Detailed Description

This is a Phase 2, double-blind, randomized, placebo-controlled study of ION224 in up to 150 participants. The study consists of 3 periods: 1) Screening Period: Week -8 to Week -1 (up to 8 weeks); 2) Treatment Period up to Week 49; and 3) Post-Treatment Period: Week 50 to Week 62 (12 weeks).

Initially, 48 patients will be enrolled in three different dose cohorts to receive ION224 or placebo every four weeks and based on safety and effects on liver steatosis (assessed at Week 15), two dose cohorts will be selected to be expanded. After dose selection, an additional 102 patients will be enrolled in the 2 selected dose cohorts and will receive ION224 or placebo for up to 49 weeks. Participants in the 3rd cohort (not selected) will continue to complete up to 49 weeks of treatment without any cohort expansion.

Study Timeline

• Study First Submitted: 2021-06-10
• Study First Submitted QC: 2021-06-10
• Study Start: 2021-06-17
• Study First Posted: 2021-06-21
• Primary Completion: 2024-01-10
• Study Completion: 2024-02-28
• Disposition First Posted: 2024-03-29
• Status Verified: 2024-11
• Disposition First Submitted: 2024-11-25
• Last Update Submitted: 2024-11-25
• Last Update Posted: 2024-11-27

Recruitment & Eligibility

• Status: COMPLETED
• Sex: All
• Target Recruitment: 160

Inclusion Criteria

• Males or females greater than or equal to (≥) 18 and less than or equal to (≤) 75 years old at the time of informed consent
• Body mass index ≥ 25 kg/m^2 and ≥ 22 kg/m^2 for participants of Asian race, as assessed during screening
• Liver fat ≥ 10% as assessed by MRI-PDFF before randomization
• Presence of NASH confirmed by centrally read liver biopsy
• Weight loss < 5% after historical biopsy.
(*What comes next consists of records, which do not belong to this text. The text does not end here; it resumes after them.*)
context
  fixes Sig :: "'e set" and dH :: "'q \<Rightarrow> 'e \<Rightarrow> 'q option" and QH :: "'q set"
  assumes closed: "\<And>q e q'. dH q e = Some q' \<Longrightarrow> e \<in> Sig \<and> q' \<in> QH"
begin

lemma delta_star_closed_lists: "delta_star dH q s = Some q' \<Longrightarrow> s \<in> lists Sig"
  by (induction s arbitrary: q) (auto dest: closed split: option.splits)

lemma delta_star_closed_target: "q \<in> QH \<Longrightarrow> delta_star dH q s = Some q' \<Longrightarrow> q' \<in> QH"
  by (induction s arbitrary: q) (auto dest: closed split: option.splits)

lemma lang_closed_lists: "lang dH q \<subseteq> lists Sig"
  unfolding lang_def using delta_star_closed_lists by blast

lemma aug_delta_Some_Some_iff:
  "q \<in> QH \<Longrightarrow> aug_delta Sig dH QH N (Some q) e = Some (Some q') \<longleftrightarrow> dH q e = Some q'"
  by (auto simp: aug_delta_def active_def dest: closed split: if_splits)
(* Let $X$ be a noncommutative space embedded in $\mathcal A^m$ and $e=\tilde E^j\ast E_j$. Equip $TX=\mathcal A^m\ast e$ and $\tilde TX=e\ast{}^m\!\mathcal A$ with the canonical connections $\nabla_i\zeta=\partial_i\zeta-\zeta\ast\partial_ie$ and $\tilde\nabla_i\xi=\partial_i\xi-\partial_i(e)\ast\xi$. Then for all $i,j$: $$\nabla_iE_j=\Gamma_{ij}^k\ast E_k,\qquad \tilde\nabla_i\tilde E^j=-\tilde E^k\ast\Gamma_{ki}^j,$$ and equivalently $\nabla_iE^j=-\tilde\Gamma^j_{ik}\ast E^k$ and $\tilde\nabla_i(E_j)^t=(E_k)^t\ast\tilde\Gamma^k_{ij}$, where $E^j=g^{jk}\ast E_k$.
   Context: $\mathcal A$ denotes the Moyal algebra: for $U\subset\mathbb R^n$ open with coordinates $t$ and $\hbar$ a formal real indeterminate, $\mathcal A$ is the set of formal power series $\sum_{i\ge0}f_i\hbar^i$ with real smooth coefficients on $U$, with product $(f\ast g)(t)=\lim_{t'\to t}\exp\big(\hbar\sum_{i,j}\theta_{ij}\frac{\partial}{\partial t^i}\frac{\partial}{\partial t'^j}\big)f(t)g(t')$ for a fixed constant real skew-symmetric $\theta$ (associative, unital; $\partial_i=\partial/\partial t^i$ are derivations, acting entrywise on matrices). Matrices over $\mathcal A$ are multiplied using $\ast$; $\mathcal A^m$ row vectors, ${}^m\!\mathcal A$ column vectors. Einstein summation. For $X=(X^1,\dots,X^m)\in\mathcal A^m$, $g_{ij}=\sum_\alpha\partial_iX^\alpha\ast\partial_jX^\alpha$; $X$ is a noncommutative space embedded in $\mathcal A^m$ if $(g_{ij})$ is invertible, inverse $(g^{ij})$. $E_i=\partial_iX$, $(E_i)^t$ its transpose, $\tilde E^i=(E_j)^t\ast g^{ji}$. Define ${}_c\Gamma_{ijl}=\tfrac12(\partial_ig_{jl}+\partial_jg_{li}-\partial_lg_{ji})$, $\Upsilon_{ijl}=\tfrac12(\partial_i(E_j)\ast(E_l)^t-E_l\ast\partial_i(E_j)^t)$, $\Gamma_{ijl}={}_c\Gamma_{ijl}+\Upsilon_{ijl}$, $\tilde\Gamma_{ijl}={}_c\Gamma_{ijl}-\Upsilon_{ijl}$, $\Gamma_{ij}^k=\Gamma_{ijl}\ast g^{lk}$, $\tilde\Gamma_{ij}^k=g^{kl}\ast\tilde\Gamma_{ijl}$. *)

theory Defs
  imports "HOL-Analysis.Analysis"
begin

text \<open>An element of the Moyal
algebra is a formal power series in hbar, represented by its coefficient sequence
(coefficient of hbar^p is F p), each coefficient a real function on R^n which is
smooth on U; only its values on U matter (equalities are taken on U).\<close>

type_synonym 'n moyal = "nat \<Rightarrow> real^'n \<Rightarrow> real"

definition pd :: "'n::finite \<Rightarrow> (real^'n \<Rightarrow> real) \<Rightarrow> real^'n \<Rightarrow> real" where
  "pd i f t = deriv (\<lambda>s. f (t + s *\<^sub>R axis i 1)) 0"

primrec pds :: "'n::finite list \<Rightarrow> (real^'n \<Rightarrow> real) \<Rightarrow> real^'n \<Rightarrow> real" where
  "pds [] f = f"
| "pds (i # is) f = pd i (pds is f)"
(* Let $\alpha\in(0,1)$. If a deterministic algorithm for SSP is $(1+\alpha)$-consistent, then its robustness (on instances with $m$ machines) is at least $1+\frac{1-\alpha}{2\alpha}-O(\frac1m)$, where the $O(\cdot)$ hides a factor depending only on $\alpha$; this holds even when all jobs have equal processing times. In the special case of infinitesimal jobs, the robustness of a deterministic $(1+\alpha)$-consistent algorithm is at least $1+\frac{(1-\alpha)^2}{4\alpha}-O(\frac1m)$.
   Context: Scheduling with Speed Predictions (SSP). An instance consists of $n$ jobs with processing times $p_1,\dots,p_n\ge 0$ and $m$ machines with true speeds $s_1,\dots,s_m>0$; processing job $j$ on machine $i$ takes time $p_j/s_i$. For a bag (set of jobs) $B$, $p(B)=\sum_{j\in B}p_j$. In the partitioning stage the algorithm receives $\mathbf p$ and predicted speeds $\hat{\mathbf s}\ge 0$ (not $\mathbf s$) and partitions the jobs into $m$ possibly empty bags. In the scheduling stage $\mathbf s$ is revealed and each bag is assigned whole to a machine; the makespan is the maximum over machines $i$ of (total processing time assigned to $i$)$/s_i$. $opt(\mathbf p,\mathbf s)$ is the minimum makespan of assigning individual jobs knowing $\mathbf s$; $alg(\mathbf p,\hat{\mathbf s},\mathbf s)$ is the algorithm's makespan. An algorithm is $c$-consistent if $alg(\mathbf p,\mathbf s,\mathbf s)\le c\cdot opt(\mathbf p,\mathbf s)$ for all $\mathbf p,\mathbf s$; its robustness is $\sup_{\mathbf p,\hat{\mathbf s},\mathbf s} alg(\mathbf p,\hat{\mathbf s},\mathbf s)/opt(\mathbf p,\mathbf s)$. In the infinitesimal-jobs case, jobs are infinitesimally small, so the total load can be divided in the partitioning stage into $m$ bags of arbitrary (real, nonnegative) total processing times summing to the total load. *)

theory Defs
  imports Complex_Main "HOL-Library.FuncSet" "HOL-Library.Extended_Real"
begin

text \<open>Machines are indexed by {..<m}, jobs by {..<n}.
  Processing times p, true speeds s and predicted speeds sh are functions nat => real
  (only the entries below n resp. m are meaningful).\<close>

definition makespan :: "nat \<Rightarrow> nat \<Rightarrow> (nat \<Rightarrow> real) \<Rightarrow> (nat \<Rightarrow> real) \<Rightarrow> (nat \<Rightarrow> nat) \<Rightarrow> real" where
  "makespan m n p s f = Max ((\<lambda>i. (\<Sum>j\<in>{j. j < n \<and> f j = i}. p j) / s i) ` {..<m})"

definition opt :: "nat \<Rightarrow> nat \<Rightarrow> (nat \<Rightarrow> real) \<Rightarrow> (nat \<Rightarrow> real) \<Rightarrow> real" where
  "opt m n p s = Min (makespan m n p s ` ({..<n} \<rightarrow>\<^sub>E {..<m}))"

text \<open>A deterministic SSP algorithm on m machines is a pair (part, sched):
  part n p sh j is the bag (in {..<m}) of job j, computed from p and the predicted speeds sh only;
  sched n p sh s b is the machine (in {..<m}) receiving bag b, computed once s is revealed.\<close>
definition valid_alg :: "nat \<Rightarrow> (nat \<Rightarrow> (nat \<Rightarrow> real) \<Rightarrow> (nat \<Rightarrow> real) \<Rightarrow> nat \<Rightarrow> nat)
    \<Rightarrow> (nat \<Rightarrow> (nat \<Rightarrow> real) \<Rightarrow> (nat \<Rightarrow> real) \<Rightarrow> (nat \<Rightarrow> real) \<Rightarrow> nat \<Rightarrow> nat) \<Rightarrow> bool" where
  "valid_alg m part sched \<longleftrightarrow>
     (\<forall>n p sh j. j < n \<longrightarrow> part n p sh j < m) \<and>
     (\<forall>n p sh s b. b < m \<longrightarrow> sched n p sh s b < m)"
section \<open>Conservativity\<close>

theorem mainTheorem17:
  fixes R :: "sr set" and S :: "seq set" and s :: seq
  assumes "\<forall>t\<in>S. L0_seq t" and "L0_seq s"
  shows "(NACCLLm_R R S s \<longleftrightarrow> InFNL_R R S s) \<and> (NACCLL_R R S s \<longleftrightarrow> CyInFNL_R R S s)"
proof -
  have "der cyc False R S s" if der_s: "der cyc True R S s" for cyc
  proof (cases "SW \<in> R")
    case True
    then interpret bang_model "lind_leq cyc R S" Meet Join Prod LDiv RDiv One Zero cyc R Zero
      by (rule lind_bang_model)
    have val: "bangfree a \<Longrightarrow> fm_val Var a = a" for a by (induction a) auto
    show ?thesis by (rule der_conservative[OF val lind_leq_iff_der assms der_s])
  next
    case False
    interpret bang_model "ext_leq (lind_leq cyc R S)" "ext_meet Meet" "ext_join Join"
      "ext_mult Prod" "ext_ldiv LDiv" "ext_rdiv RDiv" "El One" "El Zero" cyc R Bot
      by (rule involutive_rlg.ext_bang_model[OF lind_involutive_rlg False])
    have val: "bangfree a \<Longrightarrow> fm_val (\<lambda>n. El (Var n)) a = El a" for a by (induction a) auto
    have le: "bangfree a \<Longrightarrow> bangfree b \<Longrightarrow>
        ext_leq (lind_leq cyc R S) (El a) (El b) \<longleftrightarrow> der cyc False R S (Fm a, Some b)" for a b
      by (simp add: lind_leq_iff_der)
    show ?thesis by (rule der_conservative[OF val le assms der_s])
  qed
  then show ?thesis using der_mono_bang by blast
qed

end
Otherwise, weight loss < 5% in the previous 3 months prior to randomization
• ALT and AST ≤ 200 units per liter (U/L) and confirmed to be stable
• Total Bilirubin ≤ 1.3 milligrams per deciliter (mg/dL) and confirmed to be stable

Exclusion Criteria

• Prior or planned (during the Study Period) bariatric surgery or previous bariatric surgery within 2 years prior to screening

• History of solid organ transplant

• Screening laboratory values that would render a participant unsuitable for inclusion, including but not limited to:

  • Clinically significant albuminuria or proteinuria
  • Positive test for blood on urinalysis
  • Estimated glomerular filtration rate (eGFR) < 60 milliliters (mL)/minute (min)/1.73 square meter (m^2)
  • Hemoglobin A1c (HbA1c) > 9.5%
  • Platelet count < 170 × 10^9/liter (L)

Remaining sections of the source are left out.